Jun 16, 2014 at 9:30 PM
I agree that it can return a reference. I didn't feel confident enough with the framework to make that change yet.

I understand how the opt type works. The needs_computed is in the #ifdef _MSC_VER block and is needed because MSVC wouldn't handle the opt type in this case. I implemented it with the opt first ,but MSVC didn't recognize the value_type when used in opt<value_type> and claimed the type was empty (not void, just... empty). So, I effectively implemented my own opt as a bool and a value_type.

I had thought that select_many may need caching too.
Coordinator
Jun 18, 2014 at 6:36 AM
My hope is that I have time to look at this issue over the weekend
Jun 18, 2014 at 9:54 PM
Caching in select makes select do the right thing, but perhaps not perform as well as it could. Not caching in select seems to be an optimization. Perhaps have the default select perform caching and have a select_ref that doesn't cache and returns by reference.
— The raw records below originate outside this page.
(* Let $A$ be a C*-algebra, let $\{p_i\}_{i\in I}$ be a family of mutually orthogonal projections in the multiplier algebra $M(A)$, and let $B$ be a *-subalgebra of $A$ such that $B\subseteq\bigoplus_{i,j\in I}B\cap(p_iAp_j)$ (i.e. every $b\in B$ is a finite sum of elements of the sets $B\cap(p_iAp_j)$) and such that $B\cap(p_iAp_i)$ is a core subalgebra of $A$ for every $i\in I$. Then $B$ is a core subalgebra of $A$.
   Context: A representation of a *-algebra $B$ is a multiplicative, *-preserving, linear map $\pi:B\to\mathcal B(H)$ for some Hilbert space $H$ (no continuity assumed). A *-subalgebra $B$ of a C*-algebra $A$ is a core subalgebra of $A$ if every representation of $B$ is continuous with respect to the norm induced from $A$. *)

theory Defs
  imports Complex_Main
begin

class complex_vector = real_vector +
  fixes scaleC :: "complex \<Rightarrow> 'a \<Rightarrow> 'a"  (infixr \<open>*\<^sub>C\<close> 75)
  assumes scaleC_add_right: "scaleC c (x + y) = scaleC c x + scaleC c y"
    and scaleC_add_left: "scaleC (c + d) x = scaleC c x + scaleC d x"
    and scaleC_scaleC: "scaleC c (scaleC d x) = scaleC (c * d) x"
    and scaleC_one: "scaleC 1 x = x"
    and scaleR_scaleC: "scaleR r x = scaleC (complex_of_real r) x"

class complex_normed_vector = complex_vector + real_normed_vector +
  assumes norm_scaleC: "norm (scaleC c x) = cmod c * norm x"

class complex_normed_algebra = complex_normed_vector + real_normed_algebra +
  assumes scaleC_mult_left: "scaleC c x * y = scaleC c (x * y)"
    and scaleC_mult_right: "x * scaleC c y = scaleC c (x * y)"
lemma positive_tc_trace_defect_matrix:
  assumes qo: "quantum_operation A B \<Phi>" and Wp: "positive_tc (A \<times> {..<n}) W"
  shows "positive_tc {..<n} (\<lambda>k l. if k < n \<and> l < n then trace_defect A B \<Phi> (block W k l) else 0)"
    (is "positive_tc _ ?D")
proof (rule positive_tc_finite)
  fix v
  have W: "W \<in> trace_class (A \<times> {..<n})" using Wp by (simp add: positive_tc_def)
  have "(\<Sum>k<n. cnj (v k) * (\<Sum>l<n. ?D k l * v l))
      = (\<Sum>k<n. \<Sum>l<n. cnj (v k) * v l * trace_defect A B \<Phi> (block W k l))"
  proof (intro sum.cong refl)
    fix k assume "k \<in> {..<n}"
    then have row: "(\<Sum>l<n. ?D k l * v l) = (\<Sum>l<n. trace_defect A B \<Phi> (block W k l) * v l)"
      by (intro sum.cong) auto
    show "cnj (v k) * (\<Sum>l<n. ?D k l * v l) = (\<Sum>l<n. cnj (v k) * v l * trace_defect A B \<Phi> (block W k l))"
      unfolding row sum_distrib_left by (simp add: mult_ac)
  qed
  also have "\<dots> = (\<Sum>p\<in>{..<n} \<times> {..<n}. cnj (v (fst p)) * v (snd p) * trace_defect A B \<Phi> (block W (fst p) (snd p)))"
    by (simp add: sum.cartesian_product split_def)
  also have "\<dots> = trace_defect A B \<Phi> (block_compression W v n)"
    unfolding block_compression_lincomb
    by (rule trace_defect_lincomb[OF qo, symmetric]) (auto intro: trace_class_block[OF W])
  finally have defect: "(\<Sum>k<n. cnj (v k) * (\<Sum>l<n. ?D k l * v l)) = trace_defect A B \<Phi> (block_compression W v n)" .
  have "positive_tc B (\<Phi> (block_compression W v n))"
    unfolding quantum_operation_block_compression[OF qo W]
    by (rule positive_tc_block_compression[OF quantum_operationD(4)[OF qo Wp]])
  then have nonneg: "Im (trace_defect A B \<Phi> (block_compression W v n)) = 0"
      "Re (trace_defect A B \<Phi> (block_compression W v n)) \<ge> 0"
    using trace_defect_nonneg[OF qo positive_tc_block_compression[OF Wp]] by blast+
  show "Im (\<Sum>k<n. cnj (v k) * (\<Sum>l<n. ?D k l * v l)) = 0" "Re (\<Sum>k<n. cnj (v k) * (\<Sum>l<n. ?D k l * v l)) \<ge> 0"
    unfolding defect by (fact nonneg(1), fact nonneg(2))
qed auto

section \<open>Completion to a channel\<close>

definition channel_completion ::
    "'a set \<Rightarrow> 'b set \<Rightarrow> (('a \<Rightarrow> 'a \<Rightarrow> complex) \<Rightarrow> ('b \<Rightarrow> 'b \<Rightarrow> complex))
      \<Rightarrow> ('a \<Rightarrow> 'a \<Rightarrow> complex) \<Rightarrow> ('b + nat \<Rightarrow> 'b + nat \<Rightarrow> complex)" where
  "channel_completion A B \<Phi> M =
    (\<lambda>p q. push_op Inl (\<Phi> M) p q + matrix_unit (Inr 0) (Inr 0) (trace_defect A B \<Phi> M) p q)"

lemma vimage_Inl_Un_Inr: "Inl -` (Inl ` B \<union> Inr ` C) = B"
  by auto

lemma channel_completion_Inl_Inl: "channel_completion A B \<Phi> M (Inl i) (Inl j) = \<Phi> M i j"
  by (simp add: channel_completion_def push_op_apply matrix_unit_def)

lemma channel_completion_Inr_Inr:
  "channel_completion A B \<Phi> M (Inr a) (Inr b) = (if a = 0 \<and> b = 0 then trace_defect A B \<Phi> M else 0)"
  by (auto simp: channel_completion_def push_op_def matrix_unit_def)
I have GCC 4.7.2 on my Linux box now and cpplinq compiles cleanly for me, including with the detail::opt as the cache in select.
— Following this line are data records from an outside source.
lemma comps_rooted_subtree:
  assumes "A \<subseteq> V" "K \<in> comps r par A"
  shows "rooted_subtree K"
proof -
  obtain a where "a \<in> K"
    using comps_nonempty[OF assms(2)] by blast
  then obtain z where z: "z \<in> K" and z_min: "\<And>y. y \<in> K \<Longrightarrow> depth z \<le> depth y"
    using ex_has_least_nat[of "\<lambda>y. y \<in> K" a depth] by blast
  have K_z: "K = {q. (adj A)\<^sup>*\<^sup>* z q}"
    using comps_eq[OF assms(2) z] .
  have zA: "z \<in> A" and zV: "z \<in> V"
    using z comps_subset[OF assms(2)] assms(1) by blast+
  have top: "par z \<notin> A" if "z \<noteq> r"
  proof
    assume "par z \<in> A"
    then have "par z \<in> K"
      using K_z zA that unfolding adj_in_def by blast
    then show False
      using z_min depth_par_less[OF zV that] by fastforce
  qed
  have "anc par z q \<and> (\<forall>q'. anc par z q' \<and> anc par q' q \<longrightarrow> q' \<in> K)" if "q \<in> K" for q
    using rtranclp_adj_from_top[OF zV top, of q] that K_z by simp
  then show ?thesis
    unfolding rooted_subtree_def using z comps_subset[OF assms(2)] assms(1) by blast
qed

lemma comps_contains_ancestor_path:
  assumes "K \<in> comps r par A" "v \<in> K" "anc par v y"
    and between: "\<forall>q. anc par v q \<and> anc par q y \<longrightarrow> q \<in> A"
  shows "y \<in> K"
proof -
  obtain n where "(par ^^ n) y = v"
    using assms(3) unfolding anc_def by blast
  then have "(adj A)\<^sup>*\<^sup>* v y"
    using between
  proof (induction n arbitrary: y)
    case 0
    then show ?case by simp
  next
    case (Suc n)
    have reach: "(par ^^ n) (par y) = v"
      using Suc.prems(1) by (simp add: funpow_swap1)
    have "anc par q y" if "anc par q (par y)" for q
      using that anc_parent[of par y] anc_trans by metis
    then have path: "(adj A)\<^sup>*\<^sup>* v (par y)"
      using Suc.IH[OF reach] Suc.prems(2) by blast
    show ?case
    proof (cases "y = r")
      case True
      then show ?thesis
        using path par_root by simp
    next
      case False
      have "anc par v y" "anc par v (par y)"
        using Suc.prems(1) reach unfolding anc_def by blast+
      then have "par y \<in> A" "y \<in> A"
        using Suc.prems(2) anc_parent[of par y] by auto
      then have "adj A (par y) y"
        using False unfolding adj_in_def by blast
      then show ?thesis
        using path by simp
    qed
  qed
  then show ?thesis
    using comps_eq[OF assms(1,2)] by blast
qed

lemma parent_of_highest_in_component:
  assumes R: "rooted_subtree R" and C: "C \<subseteq> R"
    and K: "K \<in> comps r par (R - C)" "v \<in> K"
    and x: "x \<in> C" "anc par v x"
    and highest: "\<forall>y\<in>C. anc par v y \<and> anc par y x \<longrightarrow> anc par x y"
  shows "x \<noteq> r \<and> par x \<in> K"
proof -
  have vA: "v \<in> R - C"
    using comps_subset[OF K(1)] K(2) by blast
  have xV: "x \<in> V" and vV: "v \<in> V"
    using x(1) C vA rooted_subtree_subset[OF R] by auto
  have "v \<noteq> x"
    using vA x(1) by blast
  have "x \<noteq> r"
  proof
    assume "x = r"
    then show False
      using anc_antisym[OF _ anc_root[OF vV] root_in_V] x(2) \<open>v \<noteq> x\<close> by simp
  qed
  have "q \<in> R - C" if q: "anc par v q" "anc par q (par x)" for q
  proof
    have qx: "anc par q x"
      using anc_trans[OF q(2) anc_parent] .
    have "anc par (rt par R) q"
      using anc_trans[OF rt_anc[OF R] q(1)] vA by blast
    then show "q \<in> R"
      using rt_between[OF R _ _ qx] x(1) C by blast
    show "q \<notin> C"
    proof
      assume "q \<in> C"
      then have "anc par x q"
        using highest q(1) qx by blast
      then have "par x = x"
        using anc_antisym[OF anc_parent anc_trans[OF _ q(2)] xV] by blast
      then show False
        using par_neq[OF xV \<open>x \<noteq> r\<close>] by blast
    qed
  qed
  then have "par x \<in> K"
    using comps_contains_ancestor_path[OF K anc_parent_right[OF x(2) \<open>v \<noteq> x\<close>]] by blast
  with \<open>x \<noteq> r\<close> show ?thesis
    by blast
qed

end

locale leftmost_tree = rooted_tree +
  fixes c1 :: "'a \<Rightarrow> 'a"
  assumes c1_child: "v \<in> V \<Longrightarrow> children V r par v \<noteq> {} \<Longrightarrow> c1 v \<in> children V r par v"
begin

abbreviation onp :: "'a set \<Rightarrow> 'a \<Rightarrow> 'a \<Rightarrow> bool" where
  "onp \<equiv> onP V r par c1"

abbreviation hlm :: "'a set \<Rightarrow> 'a \<Rightarrow> bool" where
  "hlm \<equiv> has_lm V r par c1"

lemmas onp_start = onP.onP_start[of _ _ V r par c1]
  and onp_step = onP.onP_step[of V r par c1]

lemma has_lm_c1:
  assumes "hlm R w" "w \<in> V"
  shows "c1 w \<in> R" "par (c1 w) = w" "c1 w \<noteq> r"
  using assms c1_child unfolding has_lm_def children_def by blast+

lemma onP_mem: "onp R v w \<Longrightarrow> v \<in> R \<and> w \<in> R"
  by (induction rule: onP.induct) (auto simp: has_lm_def)

lemma onP_anc: "onp R v w \<Longrightarrow> R \<subseteq> V \<Longrightarrow> anc par v w"
proof (induction rule: onP.induct)
  case (onP_start v)
  then show ?case by simp
next
  case (onP_step v w)
  then have "par (c1 w) = w"
    using has_lm_c1 onP_mem by blast
  then show ?case
    using onP_step anc_parent[of par "c1 w"] anc_trans by metis
qed

lemma onP_from_cases: "onp R v w \<Longrightarrow> w = v \<or> (hlm R v \<and> onp R (c1 v) w)"
proof (induction rule: onP.induct)
  case (onP_start v)
  then show ?case by simp
next
  case (onP_step v w)
  then show ?case
    using onP_mem has_lm_c1 onp_start onp_step by (metis has_lm_def)
qed

lemma onP_linear: "onp R v b \<Longrightarrow> onp R v a \<Longrightarrow> onp R a b \<or> onp R b a"
proof (induction rule: onP.induct)
  case (onP_start v)
  then show ?case by simp
next
  case (onP_step v w)
  from onP_step.IH[OF onP_step.prems] show ?case
  proof
    assume "onp R a w"
    then show ?thesis
      using onP_step.hyps(2) onp_step by blast
  next
    assume "onp R w a"
    moreover have "onp R w (c1 w)"
      using onP_mem[OF onP_step.hyps(1)] onP_step.hyps(2) onp_start onp_step by metis
    ultimately show ?thesis
      using onP_from_cases by blast
  qed
qed

lemma onP_mono: "onp R v w \<Longrightarrow> R \<subseteq> R' \<Longrightarrow> onp R' v w"
proof (induction rule: onP.induct)
  case (onP_start v)
  then show ?case
    by (simp add: onp_start subsetD)
next
  case (onP_step v w)
  then show ?case
    using onp_step unfolding has_lm_def by blast
qed

lemma onP_between:
  assumes "R \<subseteq> V" "onp R w y" "anc par w q" "anc par q y"
  shows "onp R w q \<and> onp R q y"
  using assms(2-4)
proof (induction arbitrary: q rule: onP.induct)
  case (onP_start v)
  have "v \<in> V"
    using onP_start.hyps assms(1) by blast
  then have "q = v"
    using anc_antisym onP_start.prems by blast
  then show ?case
    using onP_start.hyps onp_start by simp
next
  case (onP_step v w)
  have wV: "w \<in> V"
    using onP_mem[OF onP_step.hyps(1)] assms(1) by blast
  note c1w = has_lm_c1[OF onP_step.hyps(2) wV]
  show ?case
  proof (cases "q = c1 w")
    case True
    then show ?thesis
      using onp_step[OF onP_step.hyps] onp_start[OF c1w(1)] by simp
  next
    case False
    then have "anc par q w"
      using anc_parent_right[OF onP_step.prems(2)] c1w(2) by simp
    then have "onp R v q" "onp R q w"
      using onP_step.IH onP_step.prems(1) by blast+
    then show ?thesis
      using onp_step onP_step.hyps(2) by blast
  qed
qed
I have created an ancillary hpp file that implements several additional higher-level-functions (to_set, to_multimap, a to_map that has no predicate and inserts pairs from the previous step, first_index, try_first and try_first_index) and several convenience predicates (non_null for use with where and as_static_type and as_dynamic_type for performing casting via select: >> select (as_static_type<int>()). I will make them available when I have performed more testing. There are several others that I intend to implement.

I have also fixed a bug in max. The std::numeric_limits<T>::min doesn't perform as expected when T = float or T = double. In these cases it returns the smallest positive value rather than the largest negative value. The fix involves defining a new templated class called linqlimits and defining a min operator for it. The unspecialized one calls numeric_limits::min. There are specialized versions for float and double that call -numeric_limits::max. I then use linqlimits::min rather than using numeric_limits::min to initialize the current value.
Coordinator
Jul 18, 2014 at 9:44 AM
The extra iterations (or predicate applications) should now be resolved with commit: 073a3877eb7c.

The numeric_limits::min issue should be resolved in commit: ec3c1bbb2f53

Other fixes we can do in separate commits.